[Stored data]
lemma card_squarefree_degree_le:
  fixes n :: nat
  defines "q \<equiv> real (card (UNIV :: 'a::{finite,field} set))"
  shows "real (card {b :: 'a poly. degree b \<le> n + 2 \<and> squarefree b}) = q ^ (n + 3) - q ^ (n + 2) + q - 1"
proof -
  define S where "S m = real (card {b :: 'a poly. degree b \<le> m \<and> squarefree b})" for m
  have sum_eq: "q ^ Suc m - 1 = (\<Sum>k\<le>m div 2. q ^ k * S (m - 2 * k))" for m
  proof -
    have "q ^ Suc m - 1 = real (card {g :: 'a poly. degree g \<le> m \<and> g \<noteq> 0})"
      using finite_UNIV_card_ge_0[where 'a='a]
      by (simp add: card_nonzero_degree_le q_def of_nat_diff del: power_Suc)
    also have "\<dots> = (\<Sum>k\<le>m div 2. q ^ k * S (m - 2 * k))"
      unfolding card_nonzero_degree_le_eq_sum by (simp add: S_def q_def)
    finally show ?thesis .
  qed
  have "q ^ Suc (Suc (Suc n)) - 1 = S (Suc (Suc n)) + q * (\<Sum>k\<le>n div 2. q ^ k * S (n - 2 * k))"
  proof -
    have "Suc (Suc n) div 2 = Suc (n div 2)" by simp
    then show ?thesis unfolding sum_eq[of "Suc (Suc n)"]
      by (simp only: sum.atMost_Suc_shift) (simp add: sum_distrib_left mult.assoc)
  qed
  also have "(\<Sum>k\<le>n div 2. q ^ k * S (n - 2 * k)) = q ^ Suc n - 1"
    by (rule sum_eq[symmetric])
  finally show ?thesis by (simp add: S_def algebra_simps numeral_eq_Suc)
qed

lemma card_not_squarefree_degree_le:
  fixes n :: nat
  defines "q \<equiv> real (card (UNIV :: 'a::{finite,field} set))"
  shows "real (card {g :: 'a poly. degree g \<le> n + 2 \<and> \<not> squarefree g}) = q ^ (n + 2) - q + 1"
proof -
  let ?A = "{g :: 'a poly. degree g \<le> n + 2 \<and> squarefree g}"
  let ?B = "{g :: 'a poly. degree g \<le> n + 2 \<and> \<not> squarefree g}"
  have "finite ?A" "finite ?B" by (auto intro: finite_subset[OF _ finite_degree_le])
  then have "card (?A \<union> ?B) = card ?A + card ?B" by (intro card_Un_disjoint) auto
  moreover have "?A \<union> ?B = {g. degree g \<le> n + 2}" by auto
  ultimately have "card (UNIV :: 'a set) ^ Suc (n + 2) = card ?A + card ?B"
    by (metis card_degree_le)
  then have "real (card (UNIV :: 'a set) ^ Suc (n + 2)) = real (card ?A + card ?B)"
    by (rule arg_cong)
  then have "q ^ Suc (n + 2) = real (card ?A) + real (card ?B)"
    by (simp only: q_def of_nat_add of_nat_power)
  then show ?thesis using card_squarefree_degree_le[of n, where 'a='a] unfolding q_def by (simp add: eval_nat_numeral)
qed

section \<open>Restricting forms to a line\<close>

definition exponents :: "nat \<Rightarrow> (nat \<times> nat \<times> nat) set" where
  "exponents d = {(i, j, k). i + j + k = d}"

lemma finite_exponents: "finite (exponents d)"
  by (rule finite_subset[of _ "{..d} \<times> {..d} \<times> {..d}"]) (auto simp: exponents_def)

> **TRY IT**:
The answer should be the complete set of records, printed exactly.

> **ANSWER TO THIS PROBLEM**:
lemma card_squarefree_degree_le:
  fixes n :: nat
  defines "q \<equiv> real (card (UNIV :: 'a::{finite,field} set))"
  shows "real (card {b :: 'a poly. degree b \<le> n + 2 \<and> squarefree b}) = q ^ (n + 3) - q ^ (n + 2) + q - 1"
proof -
  define S where "S m = real (card {b :: 'a poly. degree b \<le> m \<and> squarefree b})" for m
  have sum_eq: "q ^ Suc m - 1 = (\<Sum>k\<le>m div 2. q ^ k * S (m - 2 * k))" for m
  proof -
    have "q ^ Suc m - 1 = real (card {g :: 'a poly. degree g \<le> m \<and> g \<noteq> 0})"
      using finite_UNIV_card_ge_0[where 'a='a]
      by (simp add: card_nonzero_degree_le q_def of_nat_diff del: power_Suc)
    also have "\<dots> = (\<Sum>k\<le>m div 2. q ^ k * S (m - 2 * k))"
      unfolding card_nonzero_degree_le_eq_sum by (simp add: S_def q_def)
    finally show ?thesis .
  qed
  have "q ^ Suc (Suc (Suc n)) - 1 = S (Suc (Suc n)) + q * (\<Sum>k\<le>n div 2. q ^ k * S (n - 2 * k))"
  proof -
    have "Suc (Suc n) div 2 = Suc (n div 2)" by simp
    then show ?thesis unfolding sum_eq[of "Suc (Suc n)"]
      by (simp only: sum.atMost_Suc_shift) (simp add: sum_distrib_left mult.assoc)
  qed
  also have "(\<Sum>k\<le>n div 2. q ^ k * S (n - 2 * k)) = q ^ Suc n - 1"
    by (rule sum_eq[symmetric])
  finally show ?thesis by (simp add: S_def algebra_simps numeral_eq_Suc)
qed

lemma card_not_squarefree_degree_le:
  fixes n :: nat
  defines "q \<equiv> real (card (UNIV :: 'a::{finite,field} set))"
  shows "real (card {g :: 'a poly. degree g \<le> n + 2 \<and> \<not> squarefree g}) = q ^ (n + 2) - q + 1"
proof -
  let ?A = "{g :: 'a poly. degree g \<le> n + 2 \<and> squarefree g}"
  let ?B = "{g :: 'a poly. degree g \<le> n + 2 \<and> \<not> squarefree g}"
  have "finite ?A" "finite ?B" by (auto intro: finite_subset[OF _ finite_degree_le])
  then have "card (?A \<union> ?B) = card ?A + card ?B" by (intro card_Un_disjoint) auto
  moreover have "?A \<union> ?B = {g. degree g \<le> n + 2}" by auto
  ultimately have "card (UNIV :: 'a set) ^ Suc (n + 2) = card ?A + card ?B"
    by (metis card_degree_le)
  then have "real (card (UNIV :: 'a set) ^ Suc (n + 2)) = real (card ?A + card ?B)"
    by (rule arg_cong)
  then have "q ^ Suc (n + 2) = real (card ?A) + real (card ?B)"
    by (simp only: q_def of_nat_add of_nat_power)
  then show ?thesis using card_squarefree_degree_le[of n, where 'a='a] unfolding q_def by (simp add: eval_nat_numeral)
qed

section \<open>Restricting forms to a line\<close>

definition exponents :: "nat \<Rightarrow> (nat \<times> nat \<times> nat) set" where
  "exponents d = {(i, j, k). i + j + k = d}"

lemma finite_exponents: "finite (exponents d)"
  by (rule finite_subset[of _ "{..d} \<times> {..d} \<times> {..d}"]) (auto simp: exponents_def)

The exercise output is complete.